#### EXERCISE DESCRIPTION
Determine the number of lines below that contain "where". Write nothing but that number.

#### MATERIAL TO PROCESS
(* Let $\theta$ be the parameters of an Elman RNN with $L$ layers such that every bias vector $\mathbf{b}^\ell$ ($0\le\ell\le L-1$) has all entries nonzero, and let $\mathcal{X}(\theta)$ be as defined below. Suppose $\theta\in\mathcal{X}(\theta)$ and $\theta'=\mathcal{P}(\theta)\in\mathcal{X}(\theta)$ where $\mathcal{P}=(\mathbf{I},\tilde{\mathbf{P}}^1\mathbf{D}^1,\dots,\tilde{\mathbf{P}}^{L-1}\mathbf{D}^{L-1},\mathbf{I})$ with each $\tilde{\mathbf{P}}^\ell$ a permutation matrix and each $\mathbf{D}^\ell$ a diagonal matrix with strictly positive diagonal entries. Then $\mathbf{D}^\ell=\mathbf{I}_{d_\ell}$ for all $0<\ell<L$.
   Context: Elman RNN: parameters $\theta=(\mathbf{W}_{\mathrm{rec}}^{\ell+1},\mathbf{W}_{\mathrm{ff}}^{\ell},\mathbf{b}^{\ell})_{0\le\ell\le L-1}$ with $\mathbf{W}_{\mathrm{ff}}^{\ell}\in\mathbb{R}^{d_{\ell+1}\times d_\ell}$, $\mathbf{W}_{\mathrm{rec}}^{\ell+1}\in\mathbb{R}^{d_{\ell+1}\times d_{\ell+1}}$, $\mathbf{b}^\ell\in\mathbb{R}^{d_{\ell+1}}$. An element $\mathcal{P}=(\mathbf{P}^0,\dots,\mathbf{P}^L)$ with $\mathbf{P}^0=\mathbf{I}$, $\mathbf{P}^L=\mathbf{I}$ and invertible $\mathbf{P}^\ell$ acts on $\theta$ by replacing, for each $1\le\ell\le L$, $(\mathbf{W}_{\mathrm{rec}}^{\ell},\mathbf{W}_{\mathrm{ff}}^{\ell-1},\mathbf{b}^{\ell-1})$ with $(\mathbf{P}^\ell\mathbf{W}_{\mathrm{rec}}^{\ell}(\mathbf{P}^\ell)^{-1},\ \mathbf{P}^\ell\mathbf{W}_{\mathrm{ff}}^{\ell-1}(\mathbf{P}^{\ell-1})^{-1},\ \mathbf{P}^\ell\mathbf{b}^{\ell-1})$, giving $\mathcal{P}(\theta)$. $\mathcal{G}_{\mathrm{scaled}}$ is the set of such $\mathcal{P}$ with each $\mathbf{P}^\ell=\tilde{\mathbf{P}}^\ell\mathbf{D}^\ell$ ($1\le\ell\le L-1$), $\tilde{\mathbf{P}}^\ell$ a permutation matrix, $\mathbf{D}^\ell$ diagonal with strictly positive diagonal. Norm: $\|\theta\|_2^2=\|\mathbf{W}_{\mathrm{ff}}^{L-1}\|_F^2+\|\mathbf{b}^{L-1}\|^2+\sum_{0<\ell<L}(\|\mathbf{W}_{\mathrm{rec}}^{\ell}\|_F^2+\|\mathbf{W}_{\mathrm{ff}}^{\ell-1}\|_F^2+\|\mathbf{b}^{\ell-1}\|^2)$. $\mathcal{X}(\theta)$ is the set of $\theta'$ minimizing $\|\theta'\|_2$ subject to $\theta'=\mathcal{P}(\theta)$ for some $\mathcal{P}\in\mathcal{G}_{\mathrm{scaled}}$. *)

theory Defs
  imports "Jordan_Normal_Form.Matrix" "HOL-Combinatorics.Permutations"
begin

(* Layer dimensions d :: nat \<Rightarrow> nat (d 0, ..., d L).
   Wff l : d(l+1) x d l   (0 \<le> l \<le> L-1)
   Wrec l : d l x d l     (1 \<le> l \<le> L)
   b l : vector of length d(l+1)  (0 \<le> l \<le> L-1)
   Entries at other indices are irrelevant and left untouched by the action. *)
record rnn_params =
  Wrec :: "nat \<Rightarrow> real mat"
  Wff  :: "nat \<Rightarrow> real mat"
  bias :: "nat \<Rightarrow> real vec"

definition rnn_wf :: "nat \<Rightarrow> (nat \<Rightarrow> nat) \<Rightarrow> rnn_params \<Rightarrow> bool" where
  "rnn_wf L d \<theta> \<longleftrightarrow> (\<forall>l<L.
      Wff \<theta> l \<in> carrier_mat (d (Suc l)) (d l) \<and>
      Wrec \<theta> (Suc l) \<in> carrier_mat (d (Suc l)) (d (Suc l)) \<and>
      bias \<theta> l \<in> carrier_vec (d (Suc l)))"

definition minv :: "nat \<Rightarrow> real mat \<Rightarrow> real mat" where
  "minv n A = (SOME B. B \<in> carrier_mat n n \<and> A * B = 1\<^sub>m n \<and> B * A = 1\<^sub>m n)"

definition perm_matrix :: "nat \<Rightarrow> real mat \<Rightarrow> bool" where
  "perm_matrix n P \<longleftrightarrow> P \<in> carrier_mat n n \<and>
     (\<exists>\<sigma>. \<sigma> permutes {..<n} \<and> (\<forall>i<n. \<forall>j<n. P $$ (i, j) = (if i = \<sigma> j then 1 else 0)))"

definition pos_diag_matrix :: "nat \<Rightarrow> real mat \<Rightarrow> bool" where
  "pos_diag_matrix n D \<longleftrightarrow> D \<in> carrier_mat n n \<and> diagonal_mat D \<and> (\<forall>i<n. D $$ (i, i) > 0)"

definition rnn_act :: "nat \<Rightarrow> (nat \<Rightarrow> nat) \<Rightarrow> (nat \<Rightarrow> real mat) \<Rightarrow> rnn_params \<Rightarrow> rnn_params" where
  "rnn_act L d P \<theta> =
     \<lparr> Wrec = (\<lambda>l. if 1 \<le> l \<and> l \<le> L then P l * Wrec \<theta> l * minv (d l) (P l) else Wrec \<theta> l),
       Wff = (\<lambda>k. if k < L then P (Suc k) * Wff \<theta> k * minv (d k) (P k) else Wff \<theta> k),
       bias = (\<lambda>k. if k < L then P (Suc k) *\<^sub>v bias \<theta> k else bias \<theta> k) \<rparr>"

definition G_scaled :: "nat \<Rightarrow> (nat \<Rightarrow> nat) \<Rightarrow> (nat \<Rightarrow> real mat) set" where
  "G_scaled L d = {P. P 0 = 1\<^sub>m (d 0) \<and> P L = 1\<^sub>m (d L) \<and>
     (\<forall>l. 1 \<le> l \<and> l \<le> L - 1 \<longrightarrow>
        (\<exists>Pt D. perm_matrix (d l) Pt \<and> pos_diag_matrix (d l) D \<and> P l = Pt * D))}"

definition frob2 :: "real mat \<Rightarrow> real" where
  "frob2 A = (\<Sum>i<dim_row A. \<Sum>j<dim_col A. (A $$ (i, j))\<^sup>2)"

definition vnorm2 :: "real vec \<Rightarrow> real" where
  "vnorm2 v = (\<Sum>i<dim_vec v. (v $ i)\<^sup>2)"

definition rnn_norm :: "nat \<Rightarrow> rnn_params \<Rightarrow> real" where
  "rnn_norm L \<theta> = sqrt (frob2 (Wff \<theta> (L - 1)) + vnorm2 (bias \<theta> (L - 1)) +
     (\<Sum>l\<in>{1..<L}. frob2 (Wrec \<theta> l) + frob2 (Wff \<theta> (l - 1)) + vnorm2 (bias \<theta> (l - 1))))"

definition X_min :: "nat \<Rightarrow> (nat \<Rightarrow> nat) \<Rightarrow> rnn_params \<Rightarrow> rnn_params set" where
  "X_min L d \<theta> = {\<theta>'. (\<exists>P\<in>G_scaled L d. \<theta>' = rnn_act L d P \<theta>) \<and>
      (\<forall>P\<in>G_scaled L d. rnn_norm L \<theta>' \<le> rnn_norm L (rnn_act L d P \<theta>))}"

end

theory Submission
  imports Defs
begin

text \<open>
  A product of a permutation matrix and a positive diagonal matrix is a monomial matrix, and
  acting by such matrices multiplies each parameter entry by the ratio of the scalings of the two
  neurons it connects; the permutations do not change the norm. So the squared norm after the action
  by scalings \<open>\<delta>\<close> is an energy \<open>E(\<delta>)\<close> that depends only on \<open>\<delta>\<close>. Termwise AM-GM gives
  \<open>2 E(\<surd>\<delta>) + \<Sum> (\<delta> - 1)\<^sup>2 b\<^sup>2 \<le> E(1) + E(\<delta>)\<close>, the slack coming from the biases, whose entries only
  carry one scaling. Minimality of \<open>\<theta>\<close> gives \<open>E(1) \<le> E(\<surd>\<delta>)\<close> and minimality of the transformed parameters gives
  \<open>E(\<delta>) \<le> E(1)\<close>; hence the slack vanishes, and as the biases have no zero entries, \<open>\<delta> = 1\<close>.
\<close>

definition monomial_mat :: "nat \<Rightarrow> (nat \<Rightarrow> nat) \<Rightarrow> (nat \<Rightarrow> 'a::zero) \<Rightarrow> 'a mat" where
  "monomial_mat n \<sigma> x = mat n n (\<lambda>(i, j). if i = \<sigma> j then x j else 0)"

lemma monomial_mat_carrier [simp]: "monomial_mat n \<sigma> x \<in> carrier_mat n n"
  by (simp add: monomial_mat_def)

lemma dim_monomial_mat [simp]:
  "dim_row (monomial_mat n \<sigma> x) = n" "dim_col (monomial_mat n \<sigma> x) = n"
  by (simp_all add: monomial_mat_def)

#### ANSWER SECTION
12